1. OH + H2 >> H2O + H

H2 is in excess and so the concentration doesnt change noticeably during he reaction so its possible to determine a pseudo first order rate constant k'

I have a table of data with the concentration of H2 and k' values for those concentrations (k' being the effective pseudo first order rate constant which is equal to k[A] )

rate=k[A][B] and the conc. of A is effectively constant so rate=k'[B]

------------------

So I have been asked to plot a graph to determine the second order rate constant but I am unsure what to plot.

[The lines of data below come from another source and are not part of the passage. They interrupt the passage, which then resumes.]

lemma equivclp_le_equivclp:
  assumes "\<And>x y. r x y \<Longrightarrow> equivclp s x y" and "equivclp r x y"
  shows "equivclp s x y"
  using assms(2)
proof (induction rule: equivclp_induct)
  case (step y z)
  then show ?case by (meson assms(1) equivclp_sym equivclp_trans)
qed simp

lemma Vn_sv_equiv_refl: "Vn_sv_equiv n D D"
  by (simp add: Vn_sv_equiv_def)

lemma Vn_sv_equiv_sym: "Vn_sv_equiv n D D' \<Longrightarrow> Vn_sv_equiv n D' D"
  unfolding Vn_sv_equiv_def by (rule equivclp_sym)

lemma Vn_sv_equiv_trans [trans]:
  "Vn_sv_equiv n D D' \<Longrightarrow> Vn_sv_equiv n D' D'' \<Longrightarrow> Vn_sv_equiv n D D''"
  unfolding Vn_sv_equiv_def by (rule equivclp_trans)

lemma Vn_sv_equiv_isotopy: "isotopy_step D D' \<Longrightarrow> Vn_sv_equiv n D D'"
  unfolding Vn_sv_equiv_def by (rule r_into_equivclp) simp

lemma Vn_sv_equiv_R3: "local_move R3 D D' \<Longrightarrow> Vn_sv_equiv n D D'"
  by (simp add: Vn_sv_equiv_isotopy isotopy_step_def)

lemma Vn_sv_equiv_V_move: "local_move (V_move n) D D' \<Longrightarrow> Vn_sv_equiv n D D'"
  unfolding Vn_sv_equiv_def by (rule r_into_equivclp) simp

lemma Vn_sv_equiv_sv: "sv_step D D' \<Longrightarrow> Vn_sv_equiv n D D'"
  unfolding Vn_sv_equiv_def by (rule r_into_equivclp) simp

lemma local_moveI:
  assumes "M ss ss'" "length ss' = length ss" "length ts = length ss" "length ts' = length ss"
    "mset (zip ts ts') = mset (zip ss ss')" "sum_list (map holes C) = length ts"
    "wf_gd (fill C ts)" "wf_gd (fill C ts')"
  shows "local_move M (fill C ts) (fill C ts')"
  using assms unfolding local_move_def by metis

lemma local_move_insert_two_strands:
  assumes "M [[], []] [X, Y] \<or> M [[], []] [Y, X]"
    and "wf_gd (P @ [a1 @ a2] @ Q @ [b1 @ b2] @ R)"
    and "wf_gd (P @ [a1 @ X @ a2] @ Q @ [b1 @ Y @ b2] @ R)"
  shows "local_move M (P @ [a1 @ a2] @ Q @ [b1 @ b2] @ R)
    (P @ [a1 @ X @ a2] @ Q @ [b1 @ Y @ b2] @ R)"
proof -
  define C where "C = map (map Some) P @ (map Some a1 @ None # map Some a2) # map (map Some) Q
    @ (map Some b1 @ None # map Some b2) # map (map Some) R"
  obtain ss' where "M [[], []] ss'" and "ss' = [X, Y] \<or> ss' = [Y, X]" using assms(1) by blast
  then have "local_move M (fill C [[], []]) (fill C [X, Y])"
    by (intro local_moveI[of M "[[], []]" ss'])
      (use assms(2,3) in \<open>auto simp: C_def add_mset_commute\<close>)
  then show ?thesis by (simp only: C_def fill_two_strands append_Nil)
qed
theorem proposition1:
  fixes K :: nat and B :: "real mat" and \<gamma> :: "real vec" and \<tau> \<rho> :: real
    and D :: "real vec \<Rightarrow> real vec"
  defines "At \<equiv> lifted_shear_op K"
  defines "V \<equiv> orth_compl (K*K) (mat_kernel (B * At))"
  defines "Fwd \<equiv> (\<lambda>\<kappa>. \<kappa> + \<tau> \<cdot>\<^sub>v (B *\<^sub>v (\<gamma> - At *\<^sub>v \<kappa>)))"
  defines "T \<equiv> (\<lambda>\<kappa>. D (Fwd \<kappa>))"
  defines "lmin \<equiv> Min {l. eigenvalue (B * At) l \<and> l \<noteq> 0}"
  defines "lmax \<equiv> Max {l. eigenvalue (B * At) l \<and> l \<noteq> 0}"
  assumes K2: "K \<ge> 2"
    and Bdim: "B \<in> carrier_mat (K*K) (2*(K*K))"
    and \<gamma>dim: "\<gamma> \<in> carrier_vec (2*(K*K))"
    and \<tau>pos: "\<tau> > 0"
    and D_V: "\<forall>x\<in>V. D x \<in> V"
    and D_nonexp: "\<exists>\<beta>\<le>1. \<forall>x\<in>V. \<forall>y\<in>V. enorm (D x - D y) \<le> \<beta> * enorm (x - y)"
    and BA_sym: "transpose_mat (B * At) = B * At"
    and BA_psd: "\<forall>x\<in>carrier_vec (K*K). x \<bullet> ((B * At) *\<^sub>v x) \<ge> 0"
    and BA_nz: "B * At \<noteq> 0\<^sub>m (K*K) (K*K)"
    and imB: "\<forall>y\<in>carrier_vec (2*(K*K)). B *\<^sub>v y \<in> V"
    and \<rho>_ge: "(lmax - lmin) / (lmax + lmin) \<le> \<rho>"
    and \<rho>_lt: "\<rho> < 1"
    and \<tau>_lo: "(1 - \<rho>) / lmin \<le> \<tau>"
    and \<tau>_hi: "\<tau> \<le> (1 + \<rho>) / lmax"
  shows "\<exists>\<kappa>h\<in>V. T \<kappa>h = \<kappa>h \<and> (\<forall>\<kappa>'\<in>V. T \<kappa>' = \<kappa>' \<longrightarrow> \<kappa>' = \<kappa>h) \<and>
           (\<forall>\<kappa>0\<in>V. \<forall>k::nat. enorm ((T ^^ k) \<kappa>0 - \<kappa>h) \<le> \<rho> ^ k * enorm (\<kappa>0 - \<kappa>h))"
proof -
  define n where "n = K * K"
  have At: "At \<in> carrier_mat (2 * n) n" and B: "B \<in> carrier_mat n (2 * n)"
    unfolding At_def lifted_shear_op_def n_def using Bdim by auto
  then have ker: "mat_kernel (B * At) \<subseteq> carrier_vec n" and "B * At \<in> carrier_mat n n"
    unfolding mat_kernel_def by auto
  note step = gradient_step_contraction[OF this(2) BA_sym BA_psd[folded n_def] BA_nz[folded n_def]
      \<tau>pos \<tau>_lo[unfolded lmin_def] \<tau>_hi[unfolded lmax_def]]
  note T = denoised_gradient_step_contraction[OF B At \<gamma>dim[folded n_def] imB[unfolded V_def, folded n_def]
      D_V[unfolded V_def, folded n_def] D_nonexp[unfolded V_def, folded n_def] step(2)]
  show ?thesis
    using contraction_fixpoint_orth_compl[OF ker T(1) step(1) \<rho>_lt T(2)]
    unfolding T_def Fwd_def V_def n_def .
qed

end
(* Fix an integer $d\geq 3$ and $\rho<1$. There exist constants $C,c>0$ (depending only on $d,\rho$) such that the following holds for all sufficiently large $n$. Let $G_n$ be a $d$-regular graph on $n$ vertices whose transition matrix has all eigenvalues other than $1$ of absolute value at most $\rho$, let $v\in G_n$, and let $G$ be obtained by adding a new vertex $v'$ and the edge $\{v,v'\}$. Then for every integer $t$ with $C\log n\leq t\leq n$ and every vertex $u\neq v'$, $$\mathbb{P}_u(\tau_{v'}=t)\geq\frac{c}{n}.$$
   Context: $(X_t)$ is simple random walk on $G$, $\mathbb{P}_u$ its law with $X_0=u$, and $\tau_{v'}=\min\{t\geq1:X_t=v'\}$. *)

theory Defs
  imports Complex_Main "Jordan_Normal_Form.Char_Poly"
begin

definition regular_graph :: "nat \<Rightarrow> nat \<Rightarrow> (nat \<Rightarrow> nat \<Rightarrow> bool) \<Rightarrow> bool" where
  "regular_graph n d E \<longleftrightarrow>
     (\<forall>x y. E x y \<longrightarrow> x < n \<and> y < n) \<and>
     (\<forall>x y. E x y \<longrightarrow> E y x) \<and>
     (\<forall>x. \<not> E x x) \<and>
     (\<forall>x<n. card {y. E x y} = d)"

definition trans_mat :: "nat \<Rightarrow> nat \<Rightarrow> (nat \<Rightarrow> nat \<Rightarrow> bool) \<Rightarrow> complex mat" where
  "trans_mat n d E = mat n n (\<lambda>(i,j). if E i j then 1 / of_nat d else 0)"

(* all eigenvalues other than (one copy of) the eigenvalue 1, counted with
   algebraic multiplicity, have absolute value at most rho *)
definition spectral_bound :: "complex mat \<Rightarrow> real \<Rightarrow> bool" where
  "spectral_bound P \<rho> \<longleftrightarrow>
     (\<exists>q. char_poly P = [:-1, 1:] * q \<and> (\<forall>z. poly q z = 0 \<longrightarrow> cmod z \<le> \<rho>))"

(* G: G_n plus new vertex v' = n and edge {v, v'} *)
definition ext_adj :: "nat \<Rightarrow> nat \<Rightarrow> (nat \<Rightarrow> nat \<Rightarrow> bool) \<Rightarrow> nat \<Rightarrow> nat \<Rightarrow> bool" where
  "ext_adj n v E x y \<longleftrightarrow> E x y \<or> (x = v \<and> y = n) \<or> (x = n \<and> y = v)"

definition srw_prob :: "nat set \<Rightarrow> (nat \<Rightarrow> nat \<Rightarrow> bool) \<Rightarrow> nat \<Rightarrow> nat \<Rightarrow> real" where
  "srw_prob V A x y = (if A x y then 1 / real (card {z\<in>V. A x z}) else 0)"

Usually with these things I would plot ln(concentration) against time but seeing as I dont have time I have k' (which has the units of per second) would I calculate 1/k' (giving me units of seconds/time) and then plot ln(concentration) against time?

Thanks
2. (Original post by DonnieBrasco)
OH + H2 >> H2O + H

H2 is in excess and so the concentration doesnt change noticeably during he reaction so its possible to determine a pseudo first order rate constant k'

I have a table of data with the concentration of H2 and k' values for those concentrations (k' being the effective pseudo first order rate constant which is equal to k[A] )

rate=k[A][B] and the conc. of A is effectively constant so rate=k'[B]

------------------

So I have been asked to plot a graph to determine the second order rate constant but I am unsure what to plot. Usually with these things I would plot ln(concentration) against time but seeing as I dont have time I have k' (which has the units of per second) would I calculate 1/k' (giving me units of seconds/time) and then plot ln(concentration) against time?

Thanks
If rate=k[A]^a[B]^b then as [A] is effectively constant, then
rate=k'[B]^b

you still dont know the order of the reactions with respect to each reactants, right, assign them a and b. then taking into account that k' variation is negligible, then you simply treat this as trial and error.

if b = 1, meaning rate = k' [B]
then rate(1/time) against [B] will be linear

if b=2 meaning rate = k' [B] ^2
then rate (1/time) against [B] will be quadratic, which you can convert to natural logarithm to show the straight line relationship, i.e.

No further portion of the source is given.